以數學規畫法作多效蒸餾系統設計

Abstract

由於能源價格不斷上漲，而新興能源卻仍處於發展階段，因此，如何有效率地使用能源已然成為工業製程上相當重視的議題。在一般化工廠中，蒸餾程序扮演著高耗能的角色，自然而然也成為專家學者們重點探討之對象。其主要目的在於設計出適當的蒸餾塔操作方式來達成節約能源之效果，如此既可降低操作成本以符合經濟效益，亦能減低對環境所造成之衝擊。多效蒸餾塔（Multi-effect Distillation Columns）之概念早於1950年由Robinson與Gilliland所提出；藉由增加某些蒸餾塔的操作壓力造成塔與塔之間的溫度差，並進一步針對多根蒸餾塔進行熱整合，達到能量再利用及減少能量消耗之目的。 以超結構為基礎，本研究將提出一套完整的數學模式來描述多效蒸餾系統，並針對該系統進行最適化設計。其中設計目標包含了最小化能量使用以及最小化年總成本，依據不同的目標則可決定出不同之最佳操作情況。於本文中，由所提出之數學模式得到的設計結果將先與underwood’s method的結果比較，以確認其可靠性，再與傳統蒸餾系統做詳細之成本比較，以說明多效蒸餾系統確實能夠有效地節省能量使用並降低年總成本。另外，透過一系列例子的討論與分析，可歸納出不同進料狀態與最適蒸餾架構之間的關係。

Owing to the rising cost of energy and the fact that new energy resources are not yet available to all, how to utilize energy in an efficient way has become an important issue for industrial processes.

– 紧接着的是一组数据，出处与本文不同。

(* Let $\Sigma$ be a finite alphabet, $L \subseteq \Sigma^*$ regular, and $\mathcal{A}=(Q,\Sigma,q_0,\delta,F)$ its minimal DFA. Then $L\in\mathsf{F}(\mathcal{O}(1))$ if and only if for all $x,y \in \Sigma^*$ with $|x|=|y|$ and all $z \in \Sigma^{|Q|}$ we have $\mathcal{A}(xz) = \mathcal{A}(yz)$.
   Context: $\mathcal{A}(w)=\delta(q_0,w)$ denotes the state reached on input $w$. Fix $a\in\Sigma$; $\mathrm{last}_n(a_1\cdots a_m)=a_{m-n+1}\cdots a_m$ if $n\le m$, else $a^{n-m}a_1\cdots a_m$. A fixed-size sliding window algorithm for $L$ is a sequence $(\mathcal{A}_n)_{n\ge0}$ of deterministic (possibly infinite-state) automata with injective encodings of states into bit strings, $\mathcal{A}_n$ accepting $\{w:\mathrm{last}_n(w)\in L\}$; its space complexity at $n$ is the maximal encoding length of a state of $\mathcal{A}_n$. $\mathsf{F}(\mathcal{O}(1))$ is the class of languages having such an algorithm with constant space complexity. *)

theory Defs
  imports Main
begin

definition dfa :: "'s set \<Rightarrow> 's \<Rightarrow> ('s \<Rightarrow> 'a \<Rightarrow> 's) \<Rightarrow> 's set \<Rightarrow> bool" where
  "dfa Q q0 \<delta> F \<longleftrightarrow> finite Q \<and> q0 \<in> Q \<and> (\<forall>q\<in>Q. \<forall>s. \<delta> q s \<in> Q) \<and> F \<subseteq> Q"

definition dfa_lang :: "'s \<Rightarrow> ('s \<Rightarrow> 'a \<Rightarrow> 's) \<Rightarrow> 's set \<Rightarrow> 'a list set" where
  "dfa_lang q0 \<delta> F = {w. foldl \<delta> q0 w \<in> F}"

definition regular :: "'a list set \<Rightarrow> bool" where
  "regular L \<longleftrightarrow> (\<exists>(Q::nat set) q0 \<delta> F. dfa Q q0 \<delta> F \<and> L = dfa_lang q0 \<delta> F)"

definition minimal_dfa :: "'a list set \<Rightarrow> 's set \<Rightarrow> 's \<Rightarrow> ('s \<Rightarrow> 'a \<Rightarrow> 's) \<Rightarrow> 's set \<Rightarrow> bool" where
  "minimal_dfa L Q q0 \<delta> F \<longleftrightarrow> dfa Q q0 \<delta> F \<and> L = dfa_lang q0 \<delta> F
     \<and> (\<forall>q\<in>Q. \<exists>w. foldl \<delta> q0 w = q)
     \<and> (\<forall>p\<in>Q. \<forall>q\<in>Q. p \<noteq> q \<longrightarrow> (\<exists>w. (foldl \<delta> p w \<in> F) \<noteq> (foldl \<delta> q w \<in> F)))"

definition last_n :: "'a \<Rightarrow> nat \<Rightarrow> 'a list \<Rightarrow> 'a list" where
  "last_n a n w = (if n \<le> length w then drop (length w - n) w
                   else replicate (n - length w) a @ w)"

text \<open>States of A_n are identified with their
  (injective) bit-string encodings, so A_n is given by a state set Qs n of bit strings,
  an initial state, a transition function and a set of accepting states.\<close>
definition sliding_window_alg ::
  "'a \<Rightarrow> 'a list set \<Rightarrow> (nat \<Rightarrow> bool list set) \<Rightarrow> (nat \<Rightarrow> bool list)
    \<Rightarrow> (nat \<Rightarrow> bool list \<Rightarrow> 'a \<Rightarrow> bool list) \<Rightarrow> (nat \<Rightarrow> bool list set) \<Rightarrow> bool" where
  "sliding_window_alg a L Qs init dl acc \<longleftrightarrow>
     (\<forall>n. init n \<in> Qs n \<and> (\<forall>q\<in>Qs n. \<forall>s. dl n q s \<in> Qs n) \<and> acc n \<subseteq> Qs n
        \<and> (\<forall>w. foldl (dl n) (init n) w \<in> acc n \<longleftrightarrow> last_n a n w \<in> L))"

text \<open>Class F(O(1)): a sliding window algorithm whose space complexity
  (maximal encoding length of a state of A_n) is bounded by a constant.\<close>
definition in_F_O1 :: "'a \<Rightarrow> 'a list set \<Rightarrow> bool" where
  "in_F_O1 a L \<longleftrightarrow> (\<exists>Qs init dl acc (c::nat). sliding_window_alg a L Qs init dl acc
       \<and> (\<forall>n. \<forall>q\<in>Qs n. length q \<le> c))"

end

theory Submission
  imports Defs
begin

text \<open>
  A sliding window algorithm with constant space has, uniformly in the window size n,
  at most some number M of states. If two words x, y of equal length are followed by a
  suffix z of length at least M^2, the pair of runs on x z and y z repeats a state pair
  while reading z; pumping the loop n times pushes x and y out of the window without
  changing either run, so x z and y z are accepted alike. In the minimal DFA this makes
  A(x w) = A(y w) for all w of length M^2, and since the relations "every word of
  length j merges p and q" form a chain of equivalences that stabilises within |Q|
  steps, already words of length |Q| merge A(x) and A(y).
  Conversely, if the last |Q| symbols determine the state, an algorithm that stores
  the last min(n, |Q|) symbols and pads with a decides membership of the window.
\<close>

lemma length_last_n [simp]: "length (last_n a n w) = n"
  by (simp add: last_n_def)

lemma last_n_Nil: "last_n a n [] = replicate n a"
  by (simp add: last_n_def)

lemma last_n_length_eq: "length w = n \<Longrightarrow> last_n a n w = w"
  by (simp add: last_n_def)

lemma last_n_append_long: "n \<le> length v \<Longrightarrow> last_n a n (u @ v) = last_n a n v"
  by (simp add: last_n_def)

lemma last_n_snoc: "last_n a n (w @ [s]) = tl (last_n a n w @ [s])"
proof (cases "n \<le> length w")
  case True
  then show ?thesis
    by (cases n) (auto simp: last_n_def tl_append_if tl_drop Suc_diff_Suc simp flip: drop_Suc)
next
  case False
  then show ?thesis
    by (cases "n - length w") (auto simp: last_n_def)
qed

lemma last_n_split:
  assumes "k \<le> n"
  shows "last_n a n w = take (n - k) (last_n a n w) @ last_n a k w"
proof -
  have "drop (n - k) (last_n a n w) = last_n a k w"
    using assms by (auto simp: last_n_def)
  then show ?thesis
    by (metis append_take_drop_id)
qed

lemma foldl_concat_replicate_loop:
  "foldl g s v = s \<Longrightarrow> foldl g s (concat (replicate r v)) = s"
  by (induction r) auto

lemma foldl_pump:
  assumes "foldl g s (u @ v) = foldl g s u"
  shows "foldl g s (u @ concat (replicate r v) @ w) = foldl g s (u @ v @ w)"
  using assms foldl_concat_replicate_loop[of g "foldl g s u" v r] by simp

lemma foldl_pair:
  "foldl (\<lambda>(p, q) c. (g p c, g q c)) (p, q) w = (foldl g p w, foldl g q w)"
  by (induction w arbitrary: p q) auto

lemma foldl_loop_exists:
  assumes "finite B" and run_in: "\<And>w. foldl g s w \<in> B" and long: "card B \<le> length z"
  obtains u v w where "z = u @ v @ w" "v \<noteq> []" "foldl g s (u @ v) = foldl g s u"
proof -
  let ?state = "\<lambda>i. foldl g s (take i z)"
  have "?state ` {0..card B} \<subseteq> B"
    using run_in by blast
  then have "card (?state ` {0..card B}) \<le> card B"
    using card_mono[OF \<open>finite B\<close>] by blast
  then have "\<not> inj_on ?state {0..card B}"
    by (intro pigeonhole) simp
  then obtain i j where ij: "i < j" "j \<le> card B" "?state i = ?state j"
    unfolding inj_on_def by (auto simp: neq_iff)
  define v where "v = drop i (take j z)"
  have take_j: "take j z = take i z @ v"
    using \<open>i < j\<close> unfolding v_def by (metis append_take_drop_id min.absorb1 less_imp_le take_take)
  show ?thesis
  proof (rule that)
    show "z = take i z @ v @ drop j z"
      using take_j by (metis append.assoc append_take_drop_id)
    show "v \<noteq> []"
      using ij long unfolding v_def by simp
    show "foldl g s (take i z @ v) = foldl g s (take i z)"
      using ij(3) take_j by simp
  qed
qed

lemma sliding_window_run_closed:
  assumes "sliding_window_alg a L Qs init dl acc"
  shows "foldl (dl n) (init n) w \<in> Qs n"
  using assms unfolding sliding_window_alg_def
  by (induction w rule: rev_induct) auto

lemma sliding_window_accepts:
  assumes "sliding_window_alg a L Qs init dl acc"
  shows "foldl (dl n) (init n) w \<in> acc n \<longleftrightarrow> last_n a n w \<in> L"
  using assms unfolding sliding_window_alg_def by blast

lemma in_F_O1_long_suffix_determines:
  assumes "in_F_O1 a L"
  obtains K where "\<And>x y z. length x = length y \<Longrightarrow> K \<le> length z \<Longrightarrow> x @ z \<in> L \<longleftrightarrow> y @ z \<in> L"
proof -
  obtain Qs init dl acc c where SW: "sliding_window_alg a L Qs init dl acc"
    and bounded: "\<And>n q. q \<in> Qs n \<Longrightarrow> length q \<le> c"
    using assms unfolding in_F_O1_def by blast
  have run_bounded: "length (foldl (dl n) (init n) w) \<le> c" for n w
    using sliding_window_run_closed[OF SW] bounded by blast
  define B where "B = {bs :: bool list. length bs \<le> c}"
  have "finite B"
    unfolding B_def using finite_lists_length_le[of "UNIV :: bool set" c] by simp
  have "x @ z \<in> L \<longleftrightarrow> y @ z \<in> L"
    if len_xy: "length x = length y" and long: "card (B \<times> B) \<le> length z" for x y z
  proof -
    define n where "n = length (x @ z)"
    define g where "g = dl n"
    define start where "start = (foldl g (init n) x, foldl g (init n) y)"
    have "foldl (\<lambda>(p, q) c. (g p c, g q c)) start w \<in> B \<times> B" for w
      using run_bounded
      by (simp add: start_def foldl_pair g_def B_def flip: foldl_append)
    then obtain u v w where z: "z = u @ v @ w" and "v \<noteq> []"
      and loop: "foldl (\<lambda>(p, q) c. (g p c, g q c)) start (u @ v)
                   = foldl (\<lambda>(p, q) c. (g p c, g q c)) start u"
      using foldl_loop_exists[OF finite_cartesian_product[OF \<open>finite B\<close> \<open>finite B\<close>] _ long]
      by blast
    define X where "X = concat (replicate n v) @ w"
    have "n \<le> n * length v"
      using \<open>v \<noteq> []\<close> by (simp add: Suc_leI)
    then have "n \<le> length X"
      by (simp add: X_def length_concat sum_list_replicate trans_le_add1)
    \<comment> \<open>Pumping the loop n times keeps the state but leaves only letters of X in the window.\<close>
    have pumped: "p @ z \<in> L \<longleftrightarrow> last_n a n X \<in> L"
      if "length p = length x" and "foldl g (foldl g (init n) p) (u @ v) = foldl g (foldl g (init n) p) u"
      for p
    proof -
      have "p @ z \<in> L \<longleftrightarrow> foldl g (init n) (p @ z) \<in> acc n"
        using sliding_window_accepts[OF SW, of n "p @ z"] that(1)
        by (simp add: g_def n_def last_n_length_eq)
      also have "foldl g (init n) (p @ z) = foldl g (init n) ((p @ u) @ X)"
        using foldl_pump[OF that(2), of n w] by (simp add: z X_def)
      also have "\<dots> \<in> acc n \<longleftrightarrow> last_n a n X \<in> L"
        using sliding_window_accepts[OF SW, of n "(p @ u) @ X"] \<open>n \<le> length X\<close>
        by (simp only: g_def last_n_append_long)
      finally show ?thesis .
    qed
    show ?thesis
      using pumped[of x] pumped[of y] loop len_xy by (simp add: start_def foldl_pair)
  qed
  then show ?thesis
    by (rule that)
qed

lemma card_quotient_less:
  assumes "finite A" "equiv A R" "equiv A S" "R \<subset> S"
  shows "card (A // S) < card (A // R)"
proof -
  obtain p q where pq: "(p, q) \<in> S" "(p, q) \<notin> R"
    using \<open>R \<subset> S\<close> by auto
  then have "p \<in> A" "q \<in> A"
    using equiv_type[OF \<open>equiv A S\<close>] by auto
  have "R `` {p} \<noteq> R `` {q}"
    using pq \<open>q \<in> A\<close> eq_equiv_class[OF _ \<open>equiv A R\<close>] by blast
  moreover have "S `` (R `` {p}) = S `` (R `` {q})"
    using assms pq(1) by (simp add: refines_equiv_class_eq2 equiv_class_eq)
  ultimately have "\<not> inj_on (\<lambda>X. S `` X) (A // R)"
    using quotientI[OF \<open>p \<in> A\<close>, of R] quotientI[OF \<open>q \<in> A\<close>, of R]
    unfolding inj_on_def by blast
  moreover have "finite (A // R)"
    using assms(1,2) equiv_type finite_quotient by blast
  ultimately have "card ((\<lambda>X. S `` X) ` (A // R)) < card (A // R)"
    using card_image_le inj_on_iff_eq_card le_neq_implies_less by blast
  then show ?thesis
    using assms by (simp add: refines_equiv_image_eq)
qed

lemma equiv_chain_stalls:
  assumes "finite A" and equiv: "\<And>j. equiv A (E j)" and mono: "\<And>j. E j \<subseteq> E (Suc j)"
  shows "\<exists>j \<le> card A. E j = E (Suc j)"
proof (rule ccontr)
  assume "\<not> ?thesis"
  then have strict: "E j \<subset> E (Suc j)" if "j \<le> card A" for j
    using mono that by auto
  \<comment> \<open>Each strict step merges classes, and there are at most card A classes to begin with.\<close>
  have "card (A // E j) + j \<le> card A" if "j \<le> Suc (card A)" for j
    using that
  proof (induction j)
    case 0
    show ?case
      using \<open>finite A\<close> by (metis add_0_right card_image_le proj_image)
  next
    case (Suc j)
    then show ?case
      using card_quotient_less[OF \<open>finite A\<close> equiv equiv strict[of j]] by simp
  qed
  from this[of "Suc (card A)"] show False
    by simp
qed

In normal chemical works, the distillation process plays the most part in consuming energy and naturally turns into the major subject to be investigated by many savants. The main objective is to design an applicable mode for the manipulation of distillation columns which achieves the energy saving. Therefore, not only the operating cost can be reduced but the environmental impact will be also lowered. The concept of multi-effect distillation columns had been introduced in 1950 by Robinson and Gilliland: The temperature differences (for heat exchange) between distillation columns can be produced by increasing the pressure in some columns, and heat integration within the distillation system is then carried out for the purpose of energy recovery and energy saving. Based on a superstructure which incorporates all possible schemes, this work aims to propose a general mixed-integer nonlinear programming (MINLP) formulation for modeling and optimizing the multi-effect distillation system, where design objectives include the minimization of energy consumption and the minimization of total annual cost (TAC). Accordingly, optimal operating conditions can be obtained with different design objectives. For one thing, results from the proposed mathematical formulation will be compared with the results from Underwood’s method to confirm its validness. For the next, the results of multi-effect distillation system are also compared with the results of conventional distillation system to illustrate that the multi-effect distillation columns are actually capable of reducing the energy consumption and the total annual cost. Furthermore, the correlation between feed condition and resultant framework of distillation can be generalized through discussions on a series of examples.